Chances are, the narcissist won’t be thrilled with your response at the moment, but it might make them think twice about their behavior. Sometimes, all it takes is a little nudge to help someone see their own flaws – and you might be the first person to do it!

9. “Good that you jogged my memory of why you’re not popular. I had almost forgotten”

When dealing with a particularly unpleasant narcissist, you can respond with a little dose of reality in a friendly and casual way. Say something like, “Thanks for the reminder of why you’re not everyone’s cup of tea.” Trust me, whatever negativity they throw your way won’t match the zinger you just delivered.

Narcissists tend to think they’re universally adored and that anyone who disagrees is just plain crazy. But dropping a line like this can be a gentle wake-up call for them, making them wonder, “Oh really? Do people really not like me?”

As for whether the narcissist will actually change, well, that’s anyone’s guess. The language that they seem to understand is power, so sometimes a little reality check is all you can do.

10. “Let’s forget about me and focus on you”

Here’s a handy response for those moments when the narcissist rudely cuts you off and turns the conversation all about themselves, as they often tend to do. You can keep this phrase in your back pocket, and if things get really out of hand, consider using it to gracefully wrap up the conversation, more so if they don’t offer an apology (which, let’s face it, they usually won’t). 

11. “Oh, it’s nice to know that I do exist. Probably you need something from me”

This is ideal when the narcissist comes knocking, seeking one more favor. You’re well aware that once you’ve helped them out, you’ll fade into the background. In such situations, it’s time to politely decline their request. 

But brace yourself, because the narcissist might toss a snide comment your way, branding you as unhelpful and/or ungrateful.

Don’t fret, though! You’ve got the perfect comeback up your sleeve, one that’s sure to discourage any future favor-seeking attempts.

12. “Sorry, did I ask for your viewpoint?”

“Oops, my bad! I can’t recall ever requesting your opinion, but hey, it happens, right?” You know, it’s quite common for those narcissists who hold themselves in high regard to generously dish out advice we didn’t even know we needed. 

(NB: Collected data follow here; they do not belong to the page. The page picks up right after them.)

lemma st_Suc_eq_topspace:
  assumes cover: "open_cover X \<U>" and dense: "X closure_of (st n B \<U>) = topspace X"
  shows "st (Suc n) B \<U> = topspace X"
proof
  show "topspace X \<subseteq> st (Suc n) B \<U>"
  proof
    fix x assume "x \<in> topspace X"
    then obtain U where "U \<in> \<U>" "x \<in> U" "openin X U"
      using cover unfolding open_cover_def by blast
    with dense have "U \<inter> st n B \<U> \<noteq> {}"
      unfolding dense_intersects_open by blast
    with \<open>U \<in> \<U>\<close> \<open>x \<in> U\<close> show "x \<in> st (Suc n) B \<U>" by auto
  qed
qed (rule st_Suc_subset_topspace[OF cover])

section \<open>Maximal disjoint families\<close>

lemma exists_maximal_pairwise_superset:
  assumes "pairwise R \<A>\<^sub>0" "\<A>\<^sub>0 \<subseteq> \<P>"
  obtains \<A> where "\<A>\<^sub>0 \<subseteq> \<A>" "\<A> \<subseteq> \<P>" "pairwise R \<A>"
    "\<And>\<B>. \<A> \<subseteq> \<B> \<Longrightarrow> \<B> \<subseteq> \<P> \<Longrightarrow> pairwise R \<B> \<Longrightarrow> \<B> = \<A>"
proof -
  let ?Z = "{\<A>. \<A>\<^sub>0 \<subseteq> \<A> \<and> \<A> \<subseteq> \<P> \<and> pairwise R \<A>}"
  have "\<exists>\<A>\<in>?Z. \<forall>\<B>\<in>?Z. \<A> \<subseteq> \<B> \<longrightarrow> \<B> = \<A>"
  proof (rule subset_Zorn_nonempty)
    show "?Z \<noteq> {}"
      using assms by blast
  next
    fix \<C> assume "\<C> \<noteq> {}" and chain: "subset.chain ?Z \<C>"
    then have "pairwise R (\<Union>\<C>)"
      by (intro pairwise_chain_Union[of \<C> R]) (auto simp: subset_chain_def chain_subset_def)
    with \<open>\<C> \<noteq> {}\<close> chain show "\<Union>\<C> \<in> ?Z"
      unfolding subset_chain_def by blast
  qed
  then obtain \<A> where "\<A> \<in> ?Z" and max: "\<forall>\<B>\<in>?Z. \<A> \<subseteq> \<B> \<longrightarrow> \<B> = \<A>"
    by blast
  show thesis
  proof (rule that)
    show "\<A>\<^sub>0 \<subseteq> \<A>" "\<A> \<subseteq> \<P>" "pairwise R \<A>"
      using \<open>\<A> \<in> ?Z\<close> by simp_all
  next
    fix \<B> assume "\<A> \<subseteq> \<B>" "\<B> \<subseteq> \<P>" "pairwise R \<B>"
    with \<open>\<A> \<in> ?Z\<close> max show "\<B> = \<A>"
      by blast
  qed
qed
lemma LIMSEQ_of_norm_square_le_inverse_square:
  fixes x :: "nat \<Rightarrow> 'a::real_normed_vector"
  assumes "\<forall>n\<ge>1. (norm (x n - a))\<^sup>2 \<le> C / (real n)\<^sup>2"
  shows "x \<longlonglongrightarrow> a"
proof -
  have "norm (x n - a) \<le> sqrt C / real n" if "n \<ge> 1" for n
    using real_sqrt_le_mono[OF assms[rule_format, OF that]] by (simp add: real_sqrt_divide)
  then have "\<forall>\<^sub>F n in sequentially. norm (x n - a) \<le> sqrt C / real n"
    using eventually_sequentially by blast
  then have "(\<lambda>n. x n - a) \<longlonglongrightarrow> 0"
    by (rule Lim_null_comparison) (rule lim_const_over_n)
  then show ?thesis
    by (simp add: LIM_zero_iff)
qed
lemma solves_rel_shift_images:
  "solves_rel (AT_ring R r' s') (tgt.emb r) (tgt.emb s)
     (tgt.const \<alpha>' \<oplus>\<^bsub>AT_ring R r' s'\<^esub> tgt.emb s \<otimes>\<^bsub>AT_ring R r' s'\<^esub> tgt.varT)
     (tgt.const \<beta>' \<oplus>\<^bsub>AT_ring R r' s'\<^esub> tgt.emb r \<otimes>\<^bsub>AT_ring R r' s'\<^esub> tgt.varT)"
proof -
  interpret T': cring "AT_ring R r' s'" by (rule tgt.cring_AT)
  have "solves_rel (AT_ring R r' s') (tgt.emb r) (tgt.emb s) (tgt.const \<alpha>') (tgt.const \<beta>')"
    unfolding tgt.emb_def
    by (rule ring_hom_solves_rel[OF tgt.cring_A tgt.cring_AT tgt.const_hom _ _ \<alpha>'_closed \<beta>'_closed solves_tgt])
       (simp_all add: tgt.A_of_closed src.a_closed src.b_closed)
  then show ?thesis
    by (intro T'.solves_rel_shift tgt.emb_closed tgt.const_closed tgt.varT_closed
        src.a_closed src.b_closed \<alpha>'_closed \<beta>'_closed)
qed
(* Let $\mathbf{Q}=(Q,Z,\cdot)$ be a finite automaton, $q\in Q$ and $a\in Z$. If the identity $\Gamma(\mathbf{Q},q)$ holds in a Conway category $\mathcal{C}$, then so does the identity $\Gamma(\mathbf{Q},qa)$.
   Context: Cartesian categories have chosen finite products (terminal object $T$, projections $\pi_i$, tupling $\langle\cdot\rangle$, $!_A:A\to T$, $f\times g$), strictly associative; composition is written $g\circ f$; $\Delta_{A^n}=\langle 1_A,\ldots,1_A\rangle:A\to A^n$. A dagger operation maps $f:A\times C\to A$ to $f^\dagger:C\to A$. A Conway category is a cartesian category with dagger satisfying: $(f\circ(1_A\times g))^\dagger=f^\dagger\circ g$ ($f:A\times B\to A$, $g:C\to B$); $f^{\dagger\dagger}=(f\circ(\Delta_{A^2}\times 1_C))^\dagger$ ($f:A\times A\times C\to A$); $(f\circ\langle g,\pi_2^{A\times C}\rangle)^\dagger=f\circ\langle (g\circ\langle f,\pi_2^{B\times C}\rangle)^\dagger,1_C\rangle$ ($f:B\times C\to A$, $g:A\times C\to B$). A finite automaton $\mathbf{Q}=(Q,Z,\cdot)$ has finite nonempty state set $Q$, finite nonempty input alphabet $Z$ and action $Q\times Z\to Q$, written $qa=q\cdot a$. Write $Q=\{q_1,\ldots,q_n\}$, identified with $\{1,\ldots,n\}$, and $Z=\{a_1,\ldots,a_m\}$. For an object $A$ and $i\in[n]$ let $\rho_i^{\mathbf{Q},A}=\langle\pi^{A^n}_{ia_1},\ldots,\pi^{A^n}_{ia_m}\rangle:A^n\to A^m$ ($ia_j$ is the index of $q_i\cdot a_j$). For $f:A^m\times C\to A$ let $f^{\mathbf{Q},A}:A^n\times C\to A^n$ have components $\pi_i^{A^n}\circ f^{\mathbf{Q},A}=f\circ(\rho_i^{\mathbf{Q},A}\times 1_C)$. For a state $q_i$, the identity $\Gamma(\mathbf{Q},q_i)$ holds in $\mathcal{C}$ if $\pi_i^{A^n}\circ(f^{\mathbf{Q},A})^\dagger=(f\circ(\Delta_{A^m}\times 1_C))^\dagger$ for all objects $A,C$ and all $f:A^m\times C\to A$. *)

theory Defs
  imports Main
begin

When you find yourself on the receiving end of such unsolicited wisdom, a playful and sarcastic comeback like the one below can work wonders, making it clear you’re not exactly thrilled by their “shoulds.” So, the next time a narcissist is offering unwelcome advice, you can kindly say, “Thanks for the input, but I’m the captain of my own ship!” It’s a subtle reminder that you’ve got things under control and don’t need any extra navigational assistance.

13. “So, tell me, do you come with an “off” button?”

We’ve all had our moments of dominating a conversation, but when it comes to narcissists, they seem to have their ‘talk’ button permanently on, am I right? It can be seriously frustrating!

But, if you ever find yourself in a conversation with one of these chatterboxes and want to playfully convey to them that you’re reaching your limit, here’s a witty one for you: ‘Hey, could you help me find your off button? It seems like it’s always in the ‘on’ position!’

The Bottom Line

And, we’ve got thirteen amusing and fulfilling ways to react and counter a narcissist. Take your favorites from the list and get ready for some entertainment.

Now, you must be wondering, “Aren’t these comebacks going to make me seem like the one in the wrong?” It’s a valid concern. A narcissist might even go to the extent of spreading some nasty rumors about you.

But don’t sweat it. Are you aware of the reason? It’s because people aren’t easily fooled. They can recognize nonsense when they come across it. Sooner or later, they’ll figure out the real character of the narcissist, the same way you did. As for those who don’t? Well, their opinions don’t really matter.